Hard-ODT: Hardware-Friendly Online Decision Tree Learning Algorithm and
System
- URL: http://arxiv.org/abs/2012.06272v1
- Date: Fri, 11 Dec 2020 12:06:44 GMT
- Title: Hard-ODT: Hardware-Friendly Online Decision Tree Learning Algorithm and
System
- Authors: Zhe Lin, Sharad Sinha, Wei Zhang
- Abstract summary: In the era of big data, traditional decision tree induction algorithms are not suitable for learning large-scale datasets.
We introduce a new quantile-based algorithm to improve the induction of the Hoeffding tree, one of the state-of-the-art online learning models.
We present Hard-ODT, a high-performance, hardware-efficient and scalable online decision tree learning system on a field-programmable gate array (FPGA) with system-level optimization techniques.

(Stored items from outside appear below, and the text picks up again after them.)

(* Let $n>2$, $1\le k<n$, and let the triple $(\kappa,M,p)$ satisfy Assumption (A) (see context). Then there is a multivariate polynomial $g_{\kappa,M,p}:\mathbb{R}^n\times\mathbb{R}^{n\times k}\to\mathbb{R}$, which does not depend on the hypothesis $(R,r)$, such that for every $X\in\mathfrak{X}_0$ $$N(\hat\Omega_{\kappa,M,p,X})=\{y\in\mathbb{R}^n: g_{\kappa,M,p}(y,X)=0\}.$$ In particular $N(\hat\Omega_{\kappa,M,p,X})$ is an algebraic subset of $\mathbb{R}^n$.
   Context: Let $n>2$ and $1\le k<n$ be integers and $\mathfrak{X}_0=\{X\in\mathbb{R}^{n\times k}:\operatorname{rank}(X)=k\}$. For $X\in\mathfrak{X}_0$, $y\in\mathbb{R}^n$: $\hat\beta_X(y)=(X'X)^{-1}X'y$, $\hat u_X(y)=y-X\hat\beta_X(y)$. A hypothesis is $(R,r)$ with $R\in\mathbb{R}^{q\times k}$, $\operatorname{rank}(R)=q\ge1$, $r\in\mathbb{R}^q$. Construction of the prewhitened estimator $\hat\Omega_{\kappa,M,p,X}$ at $y$ (given kernel $\kappa:\mathbb{R}\to\mathbb{R}$, bandwidth $M$, integer order $p$): let $\hat V(y)=X'\operatorname{diag}(\hat u_X(y))\in\mathbb{R}^{k\times n}$ with columns $\hat V_{\cdot j}(y)$; $\hat V_p(y)=(\hat V_{\cdot(p+1)}(y),\dots,\hat V_{\cdot n}(y))\in\mathbb{R}^{k\times(n-p)}$; $\hat V_1(y)\in\mathbb{R}^{kp\times(n-p)}$ has $j$-th column $(\hat V_{\cdot(j+p-1)}(y)',\dots,\hat V_{\cdot(j+1)}(y)',\hat V_{\cdot j}(y)')'$. If $\hat V_1\hat V_1'$ is invertible, $\hat A^{(p)}(y)=(\hat A_1(y),\dots,\hat A_p(y))=\hat V_p(y)\hat V_1(y)'(\hat V_1(y)\hat V_1(y)')^{-1}$ ($\hat A_l\in\mathbb{R}^{k\times k}$) and $\hat Z(y)=\hat V_p(y)-\hat A^{(p)}(y)\hat V_1(y)\in\mathbb{R}^{k\times(n-p)}$. Put $\check\Gamma_i(y)=(n-p)^{-1}\sum_{j=i+1}^{n-p}\hat Z_{\cdot j}(y)\hat Z_{\cdot(j-i)}(y)'$ for $0\le i\le n-p-1$, $\check\Gamma_{-i}=\check\Gamma_i'$, and $\check\Psi(y)=\sum_{i=-(n-p-1)}^{n-p-1}\kappa(i/M(y))\check\Gamma_i(y)$, where if $M(y)=0$ the weight $\kappa(i/M(y))$ is read as $1$ for $i=0$ and $0$ for $i\neq0$. If $I_k-\sum_{l=1}^p\hat A_l(y)$ is invertible, with $F=(I_k-\sum_l\hat A_l(y))^{-1}$ set $\hat\Psi(y)=F\check\Psi(y)F'$ and $\hat\Omega_{\kappa,M,p,X}(y)=nR(X'X)^{-1}\hat\Psi(y)(X'X)^{-1}R'$. The estimator is undefined at $y$ if $\hat V_1(y)\hat V_1(y)'$ is singular, or $I_k-\sum_l\hat A_l(y)$ is singular, or $M(y)$ is undefined. $N(\hat\Omega_{\kappa,M,p,X})$ is the set of $y$ where it is undefined. Bandwidths (computed from $\hat Z(y)$; undefined whenever $\hat Z(y)$ is undefined or a denominator below vanishes; all tuning constants are functionally independent of $y$ and $X$). A weights vector is $\omega\in\mathbb{R}^k\setminus\{0\}$ with nonnegative entries. $\mathbb{M}_{AM}$: with $\hat\rho_i=\sum_{j=2}^{n-p}\hat Z_{ij}\hat Z_{i(j-1)}/\sum_{j=1}^{n-p-1}\hat Z_{ij}^2$, $\hat\sigma_i^2=(n-p-1)^{-1}\sum_{j=2}^{n-p}(\hat Z_{ij}-\hat\rho_i\hat Z_{i(j-1)})^2$ ($i=1,\dots,k$), $\hat\alpha_1=\sum_i\omega_i\frac{4\hat\rho_i^2\hat\sigma_i^4}{(1-\hat\rho_i)^6(1+\hat\rho_i)^2}\big/\sum_i\omega_i\frac{\hat\sigma_i^4}{(1-\hat\rho_i)^4}$, $\hat\alpha_2=\sum_i\omega_i\frac{4\hat\rho_i^2\hat\sigma_i^4}{(1-\hat\rho_i)^8}\big/\sum_i\omega_i\frac{\hat\sigma_i^4}{(1-\hat\rho_i)^4}$, $M(y)=c_1(\hat\alpha_j(y)n)^{c_2}$ for fixed $c_1,c_2>0$, $j\in\{1,2\}$, weights vector $\omega$. $\mathbb{M}_{NW}$: with a weights vector $\omega$, numbers $w(i)\ge0$ ($|i|\le n-p-1$), $w(0)=1$, $\bar\sigma_i(y)=\omega'\check\Gamma_{|i|}(y)\omega$, $M(y)=\bar c_2\big(\big[\sum_{i}|i|^{\bar c_1}w(i)\bar\sigma_i(y)/\sum_i w(i)\bar\sigma_i(y)\big]^2n\big)^{\bar c_3}$ (sums over $|i|\le n-p-1$), $\bar c_1$ a positive integer, $\bar c_2,\bar c_3>0$. $\mathbb{M}_{KV}$: constant bandwidths $M>0$. Assumption (A) on $(\kappa,M,p)$: (i) $\kappa$ is even, continuous, $\kappa(0)=1$, $\kappa(x)\to0$ as $x\to\infty$, and for every real $s>0$ and positive integer $J$ the $J\times J$ matrix $(\kappa((i-j)/s))_{i,j}$ is positive definite; (ii) $M\in\mathbb{M}_{AM}\cup\mathbb{M}_{NW}\cup\mathbb{M}_{KV}$; (iii) $p$ is an integer with $1\le p\le n/(k+1)$. *)

theory Defs
  imports Complex_Main "Jordan_Normal_Form.Gauss_Jordan_Elimination" "Jordan_Normal_Form.DL_Rank"
begin

(* Conventions: matrices are JNF matrices (real mat) with explicit dimensions,
   vectors are real vec. All indices are 0-based; index j (0-based) corresponds
   to index j+1 of the paper. *)

inductive mvpoly :: "nat \<Rightarrow> nat \<Rightarrow> (real vec \<Rightarrow> real mat \<Rightarrow> real) \<Rightarrow> bool"
  for n k :: nat where
  const: "mvpoly n k (\<lambda>y X. c)"
| yvar: "i < n \<Longrightarrow> mvpoly n k (\<lambda>y X. y $ i)"
| xvar: "i < n \<Longrightarrow> j < k \<Longrightarrow> mvpoly n k (\<lambda>y X. X $$ (i, j))"
| add: "mvpoly n k f \<Longrightarrow> mvpoly n k g \<Longrightarrow> mvpoly n k (\<lambda>y X. f y X + g y X)"
| mult: "mvpoly n k f \<Longrightarrow> mvpoly n k g \<Longrightarrow> mvpoly n k (\<lambda>y X. f y X * g y X)"

definition design_set :: "nat \<Rightarrow> nat \<Rightarrow> real mat set" where
  "design_set n k = {X. X \<in> carrier_mat n k \<and> vec_space.rank n X = k}"

definition beta_hat :: "real mat \<Rightarrow> real vec \<Rightarrow> real vec" where
  "beta_hat X y = the (mat_inverse (transpose_mat X * X)) *\<^sub>v (transpose_mat X *\<^sub>v y)"

definition u_hat :: "real mat \<Rightarrow> real vec \<Rightarrow> real vec" where
  "u_hat X y = y - X *\<^sub>v beta_hat X y"

definition V_hat :: "real mat \<Rightarrow> real vec \<Rightarrow> real mat" where
  "V_hat X y = transpose_mat X * mat_diag (dim_row X) (\<lambda>i. u_hat X y $ i)"

definition V_p :: "nat \<Rightarrow> real mat \<Rightarrow> real mat" where
  "V_p p V = mat (dim_row V) (dim_col V - p) (\<lambda>(i, j). V $$ (i, j + p))"

(* V_1: kp x (n-p); (0-based) column j is (V_{j+p-1}', ..., V_{j}')' (0-based columns of V),
   i.e. row block l (0-based) holds column j+p-1-l of V *)
definition V_1 :: "nat \<Rightarrow> real mat \<Rightarrow> real mat" where
  "V_1 p V = mat (dim_row V * p) (dim_col V - p)
     (\<lambda>(r, j). V $$ (r mod (dim_row V), j + p - 1 - r div (dim_row V)))"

- Score: 17.55491405857204
- License: http://arxiv.org/licenses/nonexclusive-distrib/1.0/
- Abstract: Decision trees are machine learning models commonly used in various
application scenarios. In the era of big data, traditional decision tree
induction algorithms are not suitable for learning large-scale datasets due to
their stringent data storage requirement. Online decision tree learning
algorithms have been devised to tackle this problem by concurrently training
with incoming samples and providing inference results. However, even the most
up-to-date online tree learning algorithms still suffer from either high memory
usage or high computational intensity with dependency and long latency, making
them challenging to implement in hardware. To overcome these difficulties, we
introduce a new quantile-based algorithm to improve the induction of the
Hoeffding tree, one of the state-of-the-art online learning models. The
proposed algorithm is light-weight in terms of both memory and computational
demand, while still maintaining high generalization ability. A series of
optimization techniques dedicated to the proposed algorithm have been
investigated from the hardware perspective, including coarse-grained and
fine-grained parallelism, dynamic and memory-based resource sharing, pipelining
with data forwarding. Following this, we present Hard-ODT, a high-performance,
hardware-efficient and scalable online decision tree learning system on a
field-programmable gate array (FPGA) with system-level optimization techniques.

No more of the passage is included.